● What you will do
In the records that follow, locate every line with "assms" and extract it.

Collected data entries:
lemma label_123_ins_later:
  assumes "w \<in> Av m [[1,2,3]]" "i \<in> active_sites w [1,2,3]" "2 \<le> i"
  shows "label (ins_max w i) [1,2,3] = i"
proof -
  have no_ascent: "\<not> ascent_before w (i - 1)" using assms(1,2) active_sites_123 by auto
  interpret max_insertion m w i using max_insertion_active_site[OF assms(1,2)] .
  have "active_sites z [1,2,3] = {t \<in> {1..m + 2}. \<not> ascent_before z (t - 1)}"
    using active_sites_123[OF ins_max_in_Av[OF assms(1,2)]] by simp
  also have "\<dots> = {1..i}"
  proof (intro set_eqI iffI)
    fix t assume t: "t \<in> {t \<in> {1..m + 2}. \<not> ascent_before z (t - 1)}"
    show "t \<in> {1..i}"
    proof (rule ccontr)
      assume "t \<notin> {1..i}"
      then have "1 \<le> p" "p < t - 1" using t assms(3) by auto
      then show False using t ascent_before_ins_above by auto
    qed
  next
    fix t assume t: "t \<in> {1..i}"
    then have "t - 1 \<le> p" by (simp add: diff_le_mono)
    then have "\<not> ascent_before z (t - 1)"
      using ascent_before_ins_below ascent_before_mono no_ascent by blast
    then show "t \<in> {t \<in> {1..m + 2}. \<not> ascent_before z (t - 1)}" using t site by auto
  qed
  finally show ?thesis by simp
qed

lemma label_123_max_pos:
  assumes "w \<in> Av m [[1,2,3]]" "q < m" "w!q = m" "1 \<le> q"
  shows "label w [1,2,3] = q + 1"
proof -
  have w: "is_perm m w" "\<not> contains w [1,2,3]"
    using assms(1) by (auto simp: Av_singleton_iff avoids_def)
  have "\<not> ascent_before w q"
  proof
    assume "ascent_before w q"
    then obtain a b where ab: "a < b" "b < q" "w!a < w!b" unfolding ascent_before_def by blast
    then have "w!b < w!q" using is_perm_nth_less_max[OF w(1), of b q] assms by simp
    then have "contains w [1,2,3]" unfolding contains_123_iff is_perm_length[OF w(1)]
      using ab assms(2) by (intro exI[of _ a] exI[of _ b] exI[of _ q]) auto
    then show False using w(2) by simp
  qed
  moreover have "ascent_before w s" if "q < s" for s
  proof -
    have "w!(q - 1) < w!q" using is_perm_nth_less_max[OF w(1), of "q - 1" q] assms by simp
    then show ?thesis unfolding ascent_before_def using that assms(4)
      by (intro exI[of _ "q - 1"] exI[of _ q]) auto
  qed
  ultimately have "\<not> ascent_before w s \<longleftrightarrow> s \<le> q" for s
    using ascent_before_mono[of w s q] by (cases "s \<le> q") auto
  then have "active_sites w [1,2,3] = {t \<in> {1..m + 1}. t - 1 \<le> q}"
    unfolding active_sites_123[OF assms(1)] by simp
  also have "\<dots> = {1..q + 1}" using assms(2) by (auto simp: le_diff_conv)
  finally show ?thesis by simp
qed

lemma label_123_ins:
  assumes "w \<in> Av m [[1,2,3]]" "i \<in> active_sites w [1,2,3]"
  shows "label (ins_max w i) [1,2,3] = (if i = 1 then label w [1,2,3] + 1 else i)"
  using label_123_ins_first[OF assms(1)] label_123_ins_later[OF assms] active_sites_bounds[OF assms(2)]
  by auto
--
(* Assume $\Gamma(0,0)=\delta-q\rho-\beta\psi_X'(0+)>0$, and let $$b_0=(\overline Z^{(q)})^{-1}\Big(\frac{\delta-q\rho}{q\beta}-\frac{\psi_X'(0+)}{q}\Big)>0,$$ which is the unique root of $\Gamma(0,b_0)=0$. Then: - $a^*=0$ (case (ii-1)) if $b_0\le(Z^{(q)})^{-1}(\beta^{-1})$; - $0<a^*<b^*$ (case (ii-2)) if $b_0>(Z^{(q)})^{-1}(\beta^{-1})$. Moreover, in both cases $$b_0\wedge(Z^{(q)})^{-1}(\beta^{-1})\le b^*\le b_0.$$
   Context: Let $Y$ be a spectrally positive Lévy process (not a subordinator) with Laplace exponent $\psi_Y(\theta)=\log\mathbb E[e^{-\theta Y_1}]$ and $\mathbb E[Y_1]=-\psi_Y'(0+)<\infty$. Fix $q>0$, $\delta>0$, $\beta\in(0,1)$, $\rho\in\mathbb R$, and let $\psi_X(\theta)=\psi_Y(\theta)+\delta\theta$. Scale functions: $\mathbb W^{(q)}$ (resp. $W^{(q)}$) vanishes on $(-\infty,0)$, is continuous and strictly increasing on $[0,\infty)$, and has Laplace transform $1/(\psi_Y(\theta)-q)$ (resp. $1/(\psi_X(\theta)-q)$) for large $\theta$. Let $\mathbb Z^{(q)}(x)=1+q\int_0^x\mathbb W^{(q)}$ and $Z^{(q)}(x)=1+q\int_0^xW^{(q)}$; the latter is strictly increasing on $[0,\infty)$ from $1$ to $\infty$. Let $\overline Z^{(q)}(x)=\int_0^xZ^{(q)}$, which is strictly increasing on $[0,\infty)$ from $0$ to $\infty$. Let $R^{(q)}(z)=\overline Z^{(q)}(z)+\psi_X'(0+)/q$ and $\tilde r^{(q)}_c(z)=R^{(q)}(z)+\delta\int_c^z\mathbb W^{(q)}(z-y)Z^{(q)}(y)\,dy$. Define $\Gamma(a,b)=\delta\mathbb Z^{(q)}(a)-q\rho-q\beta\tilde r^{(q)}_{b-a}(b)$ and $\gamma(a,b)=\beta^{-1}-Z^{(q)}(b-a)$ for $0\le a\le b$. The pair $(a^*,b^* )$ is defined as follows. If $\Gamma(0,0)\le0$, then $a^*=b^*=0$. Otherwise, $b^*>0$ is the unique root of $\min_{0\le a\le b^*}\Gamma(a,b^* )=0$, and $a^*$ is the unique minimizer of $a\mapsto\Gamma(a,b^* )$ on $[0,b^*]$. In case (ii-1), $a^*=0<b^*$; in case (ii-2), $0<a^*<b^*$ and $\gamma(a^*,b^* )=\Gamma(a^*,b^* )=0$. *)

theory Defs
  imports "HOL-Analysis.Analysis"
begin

● Response below
  have no_ascent: "\<not> ascent_before w (i - 1)" using assms(1,2) active_sites_123 by auto
  interpret max_insertion m w i using max_insertion_active_site[OF assms(1,2)] .
    using active_sites_123[OF ins_max_in_Av[OF assms(1,2)]] by simp
      then have "1 \<le> p" "p < t - 1" using t assms(3) by auto
    using assms(1) by (auto simp: Av_singleton_iff avoids_def)
    then have "w!b < w!q" using is_perm_nth_less_max[OF w(1), of b q] assms by simp
      using ab assms(2) by (intro exI[of _ a] exI[of _ b] exI[of _ q]) auto
    have "w!(q - 1) < w!q" using is_perm_nth_less_max[OF w(1), of "q - 1" q] assms by simp
    then show ?thesis unfolding ascent_before_def using that assms(4)
    unfolding active_sites_123[OF assms(1)] by simp
  also have "\<dots> = {1..q + 1}" using assms(2) by (auto simp: le_diff_conv)
  using label_123_ins_first[OF assms(1)] label_123_ins_later[OF assms] active_sites_bounds[OF assms(2)]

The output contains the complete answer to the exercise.